Start of Block
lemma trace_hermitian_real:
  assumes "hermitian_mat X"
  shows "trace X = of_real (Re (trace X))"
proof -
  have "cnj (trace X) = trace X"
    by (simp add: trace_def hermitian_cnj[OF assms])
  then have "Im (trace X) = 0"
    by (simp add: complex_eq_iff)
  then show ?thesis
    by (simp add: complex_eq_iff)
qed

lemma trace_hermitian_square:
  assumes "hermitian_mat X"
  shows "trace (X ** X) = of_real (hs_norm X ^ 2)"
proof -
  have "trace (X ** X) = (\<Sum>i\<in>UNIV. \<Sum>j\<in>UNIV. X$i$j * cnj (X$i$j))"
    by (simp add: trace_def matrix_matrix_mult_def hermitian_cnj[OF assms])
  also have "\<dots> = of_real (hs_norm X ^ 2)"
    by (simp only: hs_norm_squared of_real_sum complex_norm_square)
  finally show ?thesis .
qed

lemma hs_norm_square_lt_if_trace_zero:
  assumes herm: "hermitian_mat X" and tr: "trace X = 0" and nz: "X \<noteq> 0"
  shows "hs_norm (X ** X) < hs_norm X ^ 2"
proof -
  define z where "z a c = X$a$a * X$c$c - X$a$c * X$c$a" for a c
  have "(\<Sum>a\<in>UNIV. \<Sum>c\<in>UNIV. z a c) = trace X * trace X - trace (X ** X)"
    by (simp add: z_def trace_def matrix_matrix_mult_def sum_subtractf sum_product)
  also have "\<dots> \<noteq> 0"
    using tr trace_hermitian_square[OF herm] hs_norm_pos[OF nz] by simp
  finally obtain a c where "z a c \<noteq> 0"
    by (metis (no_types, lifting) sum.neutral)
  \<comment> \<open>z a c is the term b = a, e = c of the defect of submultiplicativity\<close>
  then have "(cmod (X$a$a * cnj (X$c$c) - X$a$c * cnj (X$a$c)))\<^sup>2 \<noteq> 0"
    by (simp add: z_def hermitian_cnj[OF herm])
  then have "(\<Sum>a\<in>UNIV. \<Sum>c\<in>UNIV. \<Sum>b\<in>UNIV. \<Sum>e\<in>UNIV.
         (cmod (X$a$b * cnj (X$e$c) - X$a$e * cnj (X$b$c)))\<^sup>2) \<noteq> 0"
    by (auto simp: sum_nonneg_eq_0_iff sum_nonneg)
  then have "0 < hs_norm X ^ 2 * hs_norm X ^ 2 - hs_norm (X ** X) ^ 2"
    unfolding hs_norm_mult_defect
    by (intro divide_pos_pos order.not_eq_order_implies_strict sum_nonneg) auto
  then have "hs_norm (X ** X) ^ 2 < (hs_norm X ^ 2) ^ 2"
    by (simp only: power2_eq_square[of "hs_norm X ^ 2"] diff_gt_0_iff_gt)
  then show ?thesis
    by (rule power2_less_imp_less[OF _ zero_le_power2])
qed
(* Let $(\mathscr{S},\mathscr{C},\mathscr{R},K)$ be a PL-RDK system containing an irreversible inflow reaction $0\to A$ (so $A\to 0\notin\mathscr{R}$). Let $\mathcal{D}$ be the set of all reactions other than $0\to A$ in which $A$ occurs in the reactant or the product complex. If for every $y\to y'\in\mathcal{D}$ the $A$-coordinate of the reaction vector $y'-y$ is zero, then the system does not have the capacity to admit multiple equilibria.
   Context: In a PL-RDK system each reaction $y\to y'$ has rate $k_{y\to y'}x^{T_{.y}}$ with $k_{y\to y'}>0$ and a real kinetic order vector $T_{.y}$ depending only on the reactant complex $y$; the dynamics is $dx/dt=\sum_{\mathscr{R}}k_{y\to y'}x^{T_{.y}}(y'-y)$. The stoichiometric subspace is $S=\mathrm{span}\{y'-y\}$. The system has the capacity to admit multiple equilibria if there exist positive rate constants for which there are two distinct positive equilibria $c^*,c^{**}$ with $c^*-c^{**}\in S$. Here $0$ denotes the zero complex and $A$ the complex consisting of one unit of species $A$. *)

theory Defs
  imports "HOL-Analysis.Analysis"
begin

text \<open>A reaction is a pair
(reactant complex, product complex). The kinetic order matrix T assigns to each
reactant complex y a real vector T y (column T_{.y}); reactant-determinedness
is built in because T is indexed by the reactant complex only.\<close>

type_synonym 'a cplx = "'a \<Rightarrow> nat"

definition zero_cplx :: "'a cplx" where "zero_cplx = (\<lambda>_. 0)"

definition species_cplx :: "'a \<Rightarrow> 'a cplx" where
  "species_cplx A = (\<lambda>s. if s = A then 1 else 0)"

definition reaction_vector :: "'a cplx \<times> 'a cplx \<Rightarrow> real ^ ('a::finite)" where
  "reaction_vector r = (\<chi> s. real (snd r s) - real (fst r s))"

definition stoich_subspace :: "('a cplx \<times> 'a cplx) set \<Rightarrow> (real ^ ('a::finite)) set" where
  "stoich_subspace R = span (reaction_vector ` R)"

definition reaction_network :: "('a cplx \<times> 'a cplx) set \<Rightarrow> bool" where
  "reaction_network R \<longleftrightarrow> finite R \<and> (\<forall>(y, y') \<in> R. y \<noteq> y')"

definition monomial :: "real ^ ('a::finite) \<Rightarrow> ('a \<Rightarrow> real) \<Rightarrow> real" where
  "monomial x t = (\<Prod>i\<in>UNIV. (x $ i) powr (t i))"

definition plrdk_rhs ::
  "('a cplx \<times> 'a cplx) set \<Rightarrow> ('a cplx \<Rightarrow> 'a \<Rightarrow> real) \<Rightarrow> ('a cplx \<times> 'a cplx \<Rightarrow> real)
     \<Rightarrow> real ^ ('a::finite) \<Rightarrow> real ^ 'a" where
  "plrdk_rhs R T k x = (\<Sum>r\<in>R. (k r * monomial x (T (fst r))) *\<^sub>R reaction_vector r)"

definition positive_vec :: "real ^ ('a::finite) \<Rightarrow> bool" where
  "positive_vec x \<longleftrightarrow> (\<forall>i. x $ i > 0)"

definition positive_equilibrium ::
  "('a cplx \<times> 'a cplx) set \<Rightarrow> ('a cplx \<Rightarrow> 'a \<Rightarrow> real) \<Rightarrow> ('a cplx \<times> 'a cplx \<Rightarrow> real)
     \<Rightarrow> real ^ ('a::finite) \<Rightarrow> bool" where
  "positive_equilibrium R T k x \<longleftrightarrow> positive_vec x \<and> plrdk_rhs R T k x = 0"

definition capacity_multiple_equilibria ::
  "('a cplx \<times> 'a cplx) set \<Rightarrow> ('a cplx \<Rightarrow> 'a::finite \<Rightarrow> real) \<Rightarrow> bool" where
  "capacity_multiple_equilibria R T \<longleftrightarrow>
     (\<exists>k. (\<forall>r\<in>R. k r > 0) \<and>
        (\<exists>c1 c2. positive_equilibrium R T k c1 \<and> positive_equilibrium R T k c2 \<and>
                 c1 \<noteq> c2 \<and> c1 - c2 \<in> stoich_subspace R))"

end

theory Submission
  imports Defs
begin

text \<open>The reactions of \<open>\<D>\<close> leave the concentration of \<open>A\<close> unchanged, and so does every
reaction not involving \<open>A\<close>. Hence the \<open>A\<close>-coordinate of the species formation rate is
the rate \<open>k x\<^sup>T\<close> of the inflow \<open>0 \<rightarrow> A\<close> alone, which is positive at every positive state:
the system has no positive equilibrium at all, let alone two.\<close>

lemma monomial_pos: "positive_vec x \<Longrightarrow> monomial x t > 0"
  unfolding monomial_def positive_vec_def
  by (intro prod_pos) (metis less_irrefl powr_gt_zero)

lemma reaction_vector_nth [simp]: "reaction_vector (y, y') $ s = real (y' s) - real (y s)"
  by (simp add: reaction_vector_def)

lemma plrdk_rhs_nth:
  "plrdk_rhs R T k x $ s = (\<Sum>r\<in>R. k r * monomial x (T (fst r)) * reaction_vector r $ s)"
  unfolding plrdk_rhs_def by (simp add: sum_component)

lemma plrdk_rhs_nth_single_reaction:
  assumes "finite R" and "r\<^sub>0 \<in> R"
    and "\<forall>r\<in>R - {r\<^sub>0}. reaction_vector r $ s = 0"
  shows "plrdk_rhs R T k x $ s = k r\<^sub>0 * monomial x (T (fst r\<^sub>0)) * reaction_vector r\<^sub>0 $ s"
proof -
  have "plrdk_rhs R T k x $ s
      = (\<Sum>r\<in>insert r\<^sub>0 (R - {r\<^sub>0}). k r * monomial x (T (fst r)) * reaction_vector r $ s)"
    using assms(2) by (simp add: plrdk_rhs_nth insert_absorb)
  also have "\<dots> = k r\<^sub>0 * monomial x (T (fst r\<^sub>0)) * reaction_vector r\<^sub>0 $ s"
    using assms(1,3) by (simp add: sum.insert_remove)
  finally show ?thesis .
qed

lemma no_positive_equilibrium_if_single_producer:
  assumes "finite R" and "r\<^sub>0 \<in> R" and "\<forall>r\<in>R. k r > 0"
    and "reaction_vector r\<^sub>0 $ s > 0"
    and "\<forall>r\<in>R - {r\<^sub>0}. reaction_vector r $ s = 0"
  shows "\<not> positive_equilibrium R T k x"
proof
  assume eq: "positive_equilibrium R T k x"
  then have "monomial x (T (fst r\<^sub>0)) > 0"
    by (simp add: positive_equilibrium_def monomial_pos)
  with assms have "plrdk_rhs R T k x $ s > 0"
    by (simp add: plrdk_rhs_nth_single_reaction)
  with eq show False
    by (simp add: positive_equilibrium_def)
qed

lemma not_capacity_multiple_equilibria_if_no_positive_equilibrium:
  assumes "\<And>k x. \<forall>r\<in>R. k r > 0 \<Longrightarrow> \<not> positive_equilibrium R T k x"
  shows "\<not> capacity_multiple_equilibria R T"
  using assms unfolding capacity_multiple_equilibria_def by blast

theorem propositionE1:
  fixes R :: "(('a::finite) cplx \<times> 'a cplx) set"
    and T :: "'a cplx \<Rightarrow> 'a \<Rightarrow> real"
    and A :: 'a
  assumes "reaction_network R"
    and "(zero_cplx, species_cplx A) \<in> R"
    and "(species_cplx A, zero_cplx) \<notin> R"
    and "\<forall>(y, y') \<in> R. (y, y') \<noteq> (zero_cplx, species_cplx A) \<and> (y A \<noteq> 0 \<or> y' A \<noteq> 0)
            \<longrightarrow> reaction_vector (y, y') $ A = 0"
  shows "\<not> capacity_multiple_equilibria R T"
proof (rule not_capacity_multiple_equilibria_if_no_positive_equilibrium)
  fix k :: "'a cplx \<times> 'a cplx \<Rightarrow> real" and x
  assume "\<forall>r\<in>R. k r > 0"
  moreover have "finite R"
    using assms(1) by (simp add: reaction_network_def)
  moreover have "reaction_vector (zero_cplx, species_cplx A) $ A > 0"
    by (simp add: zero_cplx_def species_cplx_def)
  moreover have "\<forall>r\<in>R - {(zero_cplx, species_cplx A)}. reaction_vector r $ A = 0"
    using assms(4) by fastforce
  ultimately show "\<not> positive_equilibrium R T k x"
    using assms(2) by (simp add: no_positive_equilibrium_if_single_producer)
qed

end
End of Block
Start of Block
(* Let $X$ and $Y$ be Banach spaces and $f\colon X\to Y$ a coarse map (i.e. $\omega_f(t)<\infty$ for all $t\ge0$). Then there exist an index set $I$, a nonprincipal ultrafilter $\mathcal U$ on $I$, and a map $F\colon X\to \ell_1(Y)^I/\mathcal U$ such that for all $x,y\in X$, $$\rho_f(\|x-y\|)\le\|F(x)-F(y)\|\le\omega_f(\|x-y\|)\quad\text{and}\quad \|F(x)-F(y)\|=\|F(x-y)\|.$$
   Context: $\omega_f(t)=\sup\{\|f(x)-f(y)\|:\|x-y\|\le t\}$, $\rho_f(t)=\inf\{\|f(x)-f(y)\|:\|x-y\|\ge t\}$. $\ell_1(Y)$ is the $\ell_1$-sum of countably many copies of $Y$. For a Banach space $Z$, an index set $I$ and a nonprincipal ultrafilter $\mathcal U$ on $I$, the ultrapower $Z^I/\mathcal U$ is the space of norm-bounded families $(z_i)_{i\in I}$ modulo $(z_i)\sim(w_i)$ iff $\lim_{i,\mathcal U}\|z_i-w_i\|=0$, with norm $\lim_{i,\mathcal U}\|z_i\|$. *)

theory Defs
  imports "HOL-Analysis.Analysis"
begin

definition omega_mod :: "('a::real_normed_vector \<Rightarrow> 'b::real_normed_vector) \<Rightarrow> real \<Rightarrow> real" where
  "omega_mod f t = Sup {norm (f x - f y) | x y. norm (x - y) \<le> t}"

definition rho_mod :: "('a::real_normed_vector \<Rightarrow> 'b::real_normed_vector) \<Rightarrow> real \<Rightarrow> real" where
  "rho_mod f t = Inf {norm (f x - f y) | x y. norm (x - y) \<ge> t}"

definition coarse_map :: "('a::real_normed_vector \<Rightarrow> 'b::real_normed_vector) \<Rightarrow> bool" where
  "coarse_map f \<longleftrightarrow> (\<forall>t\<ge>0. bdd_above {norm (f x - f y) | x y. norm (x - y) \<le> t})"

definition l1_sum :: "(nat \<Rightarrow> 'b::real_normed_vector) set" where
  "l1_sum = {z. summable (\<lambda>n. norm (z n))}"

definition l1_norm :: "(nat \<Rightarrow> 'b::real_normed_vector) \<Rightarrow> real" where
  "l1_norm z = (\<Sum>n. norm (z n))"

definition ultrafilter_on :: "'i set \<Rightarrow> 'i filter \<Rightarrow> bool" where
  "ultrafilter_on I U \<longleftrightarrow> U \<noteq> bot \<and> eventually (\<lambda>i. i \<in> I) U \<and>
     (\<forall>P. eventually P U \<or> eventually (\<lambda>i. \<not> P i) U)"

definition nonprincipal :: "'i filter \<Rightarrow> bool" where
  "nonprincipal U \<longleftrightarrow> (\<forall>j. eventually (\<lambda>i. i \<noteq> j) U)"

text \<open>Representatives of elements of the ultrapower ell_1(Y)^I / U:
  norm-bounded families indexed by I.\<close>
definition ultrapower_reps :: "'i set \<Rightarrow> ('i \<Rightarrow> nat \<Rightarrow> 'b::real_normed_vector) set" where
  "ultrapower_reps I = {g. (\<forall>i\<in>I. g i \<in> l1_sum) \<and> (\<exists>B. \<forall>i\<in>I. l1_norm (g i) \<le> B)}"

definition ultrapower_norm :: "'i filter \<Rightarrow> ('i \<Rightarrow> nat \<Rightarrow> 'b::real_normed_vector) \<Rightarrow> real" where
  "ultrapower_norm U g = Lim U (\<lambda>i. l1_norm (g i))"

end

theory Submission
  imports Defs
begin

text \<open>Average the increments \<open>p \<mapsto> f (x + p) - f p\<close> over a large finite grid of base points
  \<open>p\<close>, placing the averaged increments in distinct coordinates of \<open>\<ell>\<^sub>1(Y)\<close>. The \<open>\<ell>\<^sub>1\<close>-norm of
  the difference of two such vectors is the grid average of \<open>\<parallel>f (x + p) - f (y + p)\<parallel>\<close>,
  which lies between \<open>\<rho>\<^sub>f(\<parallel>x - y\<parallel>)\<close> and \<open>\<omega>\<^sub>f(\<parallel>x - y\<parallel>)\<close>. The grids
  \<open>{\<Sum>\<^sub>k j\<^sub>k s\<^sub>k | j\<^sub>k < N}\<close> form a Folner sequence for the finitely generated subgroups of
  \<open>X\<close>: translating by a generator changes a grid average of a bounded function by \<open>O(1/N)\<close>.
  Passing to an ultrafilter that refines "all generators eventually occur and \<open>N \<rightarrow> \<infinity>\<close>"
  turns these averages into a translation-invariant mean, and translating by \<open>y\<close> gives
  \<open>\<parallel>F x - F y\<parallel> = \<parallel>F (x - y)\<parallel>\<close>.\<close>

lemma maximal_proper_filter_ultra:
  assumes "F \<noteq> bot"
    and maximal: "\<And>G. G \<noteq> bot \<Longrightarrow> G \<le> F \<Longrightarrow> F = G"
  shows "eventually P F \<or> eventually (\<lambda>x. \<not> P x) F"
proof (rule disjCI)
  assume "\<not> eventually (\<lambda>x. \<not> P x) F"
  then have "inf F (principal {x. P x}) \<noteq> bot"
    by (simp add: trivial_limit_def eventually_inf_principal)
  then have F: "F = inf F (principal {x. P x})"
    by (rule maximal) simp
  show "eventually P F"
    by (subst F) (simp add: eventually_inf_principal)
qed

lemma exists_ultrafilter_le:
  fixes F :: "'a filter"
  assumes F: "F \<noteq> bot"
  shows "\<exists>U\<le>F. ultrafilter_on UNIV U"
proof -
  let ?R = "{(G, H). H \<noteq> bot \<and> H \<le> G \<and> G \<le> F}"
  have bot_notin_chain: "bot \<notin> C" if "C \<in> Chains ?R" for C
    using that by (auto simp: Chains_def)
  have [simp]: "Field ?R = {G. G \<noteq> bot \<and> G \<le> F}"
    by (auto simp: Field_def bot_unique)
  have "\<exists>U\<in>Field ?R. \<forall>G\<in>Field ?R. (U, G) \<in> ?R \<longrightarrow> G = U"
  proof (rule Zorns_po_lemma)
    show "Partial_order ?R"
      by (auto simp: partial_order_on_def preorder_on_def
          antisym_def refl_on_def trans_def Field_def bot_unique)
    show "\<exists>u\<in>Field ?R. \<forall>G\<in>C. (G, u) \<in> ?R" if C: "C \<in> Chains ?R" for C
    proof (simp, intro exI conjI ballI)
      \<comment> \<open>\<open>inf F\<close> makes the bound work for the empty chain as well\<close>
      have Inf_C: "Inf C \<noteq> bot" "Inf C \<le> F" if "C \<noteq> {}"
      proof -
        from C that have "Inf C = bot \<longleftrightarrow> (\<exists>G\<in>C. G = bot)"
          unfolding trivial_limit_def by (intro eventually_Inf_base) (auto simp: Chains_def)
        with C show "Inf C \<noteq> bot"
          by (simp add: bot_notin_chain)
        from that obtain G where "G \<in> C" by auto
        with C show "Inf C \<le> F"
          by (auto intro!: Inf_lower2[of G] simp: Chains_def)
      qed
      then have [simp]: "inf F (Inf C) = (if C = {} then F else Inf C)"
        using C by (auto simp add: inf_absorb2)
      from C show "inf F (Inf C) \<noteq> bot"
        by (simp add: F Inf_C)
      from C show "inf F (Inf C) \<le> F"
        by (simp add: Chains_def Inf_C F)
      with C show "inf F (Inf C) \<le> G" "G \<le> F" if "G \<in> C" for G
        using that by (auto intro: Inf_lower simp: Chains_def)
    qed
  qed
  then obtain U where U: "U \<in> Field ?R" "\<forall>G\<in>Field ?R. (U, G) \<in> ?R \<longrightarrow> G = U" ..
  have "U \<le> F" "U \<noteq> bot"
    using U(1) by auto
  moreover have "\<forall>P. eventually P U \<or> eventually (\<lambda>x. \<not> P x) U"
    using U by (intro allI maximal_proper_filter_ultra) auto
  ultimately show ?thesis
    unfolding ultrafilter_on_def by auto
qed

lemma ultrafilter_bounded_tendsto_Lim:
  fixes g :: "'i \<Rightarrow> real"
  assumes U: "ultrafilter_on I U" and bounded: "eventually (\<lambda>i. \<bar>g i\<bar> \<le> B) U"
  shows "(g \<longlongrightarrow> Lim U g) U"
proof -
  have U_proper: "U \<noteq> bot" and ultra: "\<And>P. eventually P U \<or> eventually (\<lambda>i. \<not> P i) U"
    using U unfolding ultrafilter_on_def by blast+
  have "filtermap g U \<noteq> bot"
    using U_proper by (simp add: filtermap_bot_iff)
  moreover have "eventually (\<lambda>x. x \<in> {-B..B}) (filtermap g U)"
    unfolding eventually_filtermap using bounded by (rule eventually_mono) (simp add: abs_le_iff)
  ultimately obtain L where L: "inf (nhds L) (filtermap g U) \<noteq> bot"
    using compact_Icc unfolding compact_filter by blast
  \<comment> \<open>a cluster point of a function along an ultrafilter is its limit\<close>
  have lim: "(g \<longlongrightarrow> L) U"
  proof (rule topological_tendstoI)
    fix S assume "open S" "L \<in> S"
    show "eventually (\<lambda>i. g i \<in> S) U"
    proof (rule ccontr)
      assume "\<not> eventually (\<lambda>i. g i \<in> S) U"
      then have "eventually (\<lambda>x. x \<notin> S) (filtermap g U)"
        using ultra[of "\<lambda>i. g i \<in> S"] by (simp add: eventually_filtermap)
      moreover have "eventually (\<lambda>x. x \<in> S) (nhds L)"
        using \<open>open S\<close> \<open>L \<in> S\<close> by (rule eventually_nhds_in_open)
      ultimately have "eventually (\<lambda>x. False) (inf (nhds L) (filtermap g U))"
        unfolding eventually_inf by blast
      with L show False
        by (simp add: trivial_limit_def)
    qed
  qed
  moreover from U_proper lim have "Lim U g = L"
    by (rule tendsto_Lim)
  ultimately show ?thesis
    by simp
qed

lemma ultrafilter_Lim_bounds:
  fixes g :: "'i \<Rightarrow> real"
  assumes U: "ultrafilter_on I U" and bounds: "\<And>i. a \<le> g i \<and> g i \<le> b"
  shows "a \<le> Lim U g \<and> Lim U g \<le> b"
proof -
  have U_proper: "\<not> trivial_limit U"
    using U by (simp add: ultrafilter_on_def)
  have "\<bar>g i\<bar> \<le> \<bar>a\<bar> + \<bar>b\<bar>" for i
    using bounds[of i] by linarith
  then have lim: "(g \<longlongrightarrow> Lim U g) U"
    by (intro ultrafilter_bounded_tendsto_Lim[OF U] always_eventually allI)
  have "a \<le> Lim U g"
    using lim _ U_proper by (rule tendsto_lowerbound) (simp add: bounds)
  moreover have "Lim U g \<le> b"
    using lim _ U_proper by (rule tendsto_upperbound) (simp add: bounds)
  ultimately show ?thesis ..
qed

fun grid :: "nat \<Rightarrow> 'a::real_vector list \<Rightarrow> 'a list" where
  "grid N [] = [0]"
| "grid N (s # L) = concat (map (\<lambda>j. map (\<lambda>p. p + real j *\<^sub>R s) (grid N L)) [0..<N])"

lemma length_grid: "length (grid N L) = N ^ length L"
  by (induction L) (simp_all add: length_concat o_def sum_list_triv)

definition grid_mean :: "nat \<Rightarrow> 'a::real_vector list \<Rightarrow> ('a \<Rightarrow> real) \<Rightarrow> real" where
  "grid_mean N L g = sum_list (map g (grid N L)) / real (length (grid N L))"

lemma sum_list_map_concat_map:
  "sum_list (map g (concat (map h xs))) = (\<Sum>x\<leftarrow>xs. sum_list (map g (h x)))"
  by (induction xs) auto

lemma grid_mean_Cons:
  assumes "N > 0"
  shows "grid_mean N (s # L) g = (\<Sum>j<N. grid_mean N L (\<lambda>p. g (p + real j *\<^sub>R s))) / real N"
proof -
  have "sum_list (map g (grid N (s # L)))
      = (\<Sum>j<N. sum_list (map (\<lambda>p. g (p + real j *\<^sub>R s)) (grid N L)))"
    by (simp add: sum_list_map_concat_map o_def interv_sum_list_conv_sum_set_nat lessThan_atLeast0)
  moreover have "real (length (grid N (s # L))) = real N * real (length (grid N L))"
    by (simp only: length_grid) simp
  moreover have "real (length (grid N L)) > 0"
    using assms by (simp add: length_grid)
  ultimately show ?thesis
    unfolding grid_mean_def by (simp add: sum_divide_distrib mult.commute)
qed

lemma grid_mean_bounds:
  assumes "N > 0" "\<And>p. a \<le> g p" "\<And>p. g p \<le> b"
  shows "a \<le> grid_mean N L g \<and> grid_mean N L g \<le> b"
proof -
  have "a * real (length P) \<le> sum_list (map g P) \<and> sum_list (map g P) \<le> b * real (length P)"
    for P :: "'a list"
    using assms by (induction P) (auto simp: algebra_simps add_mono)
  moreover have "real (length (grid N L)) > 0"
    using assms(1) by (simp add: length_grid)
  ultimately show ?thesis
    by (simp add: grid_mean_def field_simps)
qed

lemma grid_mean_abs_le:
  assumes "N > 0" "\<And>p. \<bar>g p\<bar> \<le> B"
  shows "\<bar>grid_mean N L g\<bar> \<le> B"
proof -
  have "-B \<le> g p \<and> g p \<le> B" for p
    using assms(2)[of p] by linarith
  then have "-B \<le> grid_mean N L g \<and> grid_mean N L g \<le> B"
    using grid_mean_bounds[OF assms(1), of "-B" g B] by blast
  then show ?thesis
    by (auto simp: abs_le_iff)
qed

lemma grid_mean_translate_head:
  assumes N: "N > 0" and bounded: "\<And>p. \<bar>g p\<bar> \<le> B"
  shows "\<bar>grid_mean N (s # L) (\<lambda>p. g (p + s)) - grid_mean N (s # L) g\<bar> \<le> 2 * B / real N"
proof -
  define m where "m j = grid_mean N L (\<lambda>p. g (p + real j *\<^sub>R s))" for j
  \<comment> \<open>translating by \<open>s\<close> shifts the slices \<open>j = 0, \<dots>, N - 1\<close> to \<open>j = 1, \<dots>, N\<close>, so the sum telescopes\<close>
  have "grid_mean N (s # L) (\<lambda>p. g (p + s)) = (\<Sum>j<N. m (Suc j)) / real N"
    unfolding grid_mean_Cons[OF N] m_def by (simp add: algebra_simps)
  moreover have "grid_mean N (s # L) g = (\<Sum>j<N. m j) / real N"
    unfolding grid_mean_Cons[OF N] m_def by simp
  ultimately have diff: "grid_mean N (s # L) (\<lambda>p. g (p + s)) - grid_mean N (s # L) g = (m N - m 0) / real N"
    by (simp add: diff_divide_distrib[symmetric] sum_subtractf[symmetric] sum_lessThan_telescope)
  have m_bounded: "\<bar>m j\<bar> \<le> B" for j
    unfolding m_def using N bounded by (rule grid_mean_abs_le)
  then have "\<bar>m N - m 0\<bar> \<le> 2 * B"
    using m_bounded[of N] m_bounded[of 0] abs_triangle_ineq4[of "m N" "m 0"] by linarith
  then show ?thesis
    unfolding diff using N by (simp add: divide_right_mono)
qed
End of Block
● Problem to work on
Check every line of the entries above, and copy those that carry the string "system".

● Expected answer
(* Let $(\mathscr{S},\mathscr{C},\mathscr{R},K)$ be a PL-RDK system containing an irreversible inflow reaction $0\to A$ (so $A\to 0\notin\mathscr{R}$). Let $\mathcal{D}$ be the set of all reactions other than $0\to A$ in which $A$ occurs in the reactant or the product complex. If for every $y\to y'\in\mathcal{D}$ the $A$-coordinate of the reaction vector $y'-y$ is zero, then the system does not have the capacity to admit multiple equilibria.
   Context: In a PL-RDK system each reaction $y\to y'$ has rate $k_{y\to y'}x^{T_{.y}}$ with $k_{y\to y'}>0$ and a real kinetic order vector $T_{.y}$ depending only on the reactant complex $y$; the dynamics is $dx/dt=\sum_{\mathscr{R}}k_{y\to y'}x^{T_{.y}}(y'-y)$. The stoichiometric subspace is $S=\mathrm{span}\{y'-y\}$. The system has the capacity to admit multiple equilibria if there exist positive rate constants for which there are two distinct positive equilibria $c^*,c^{**}$ with $c^*-c^{**}\in S$. Here $0$ denotes the zero complex and $A$ the complex consisting of one unit of species $A$. *)
the system has no positive equilibrium at all, let alone two.\<close>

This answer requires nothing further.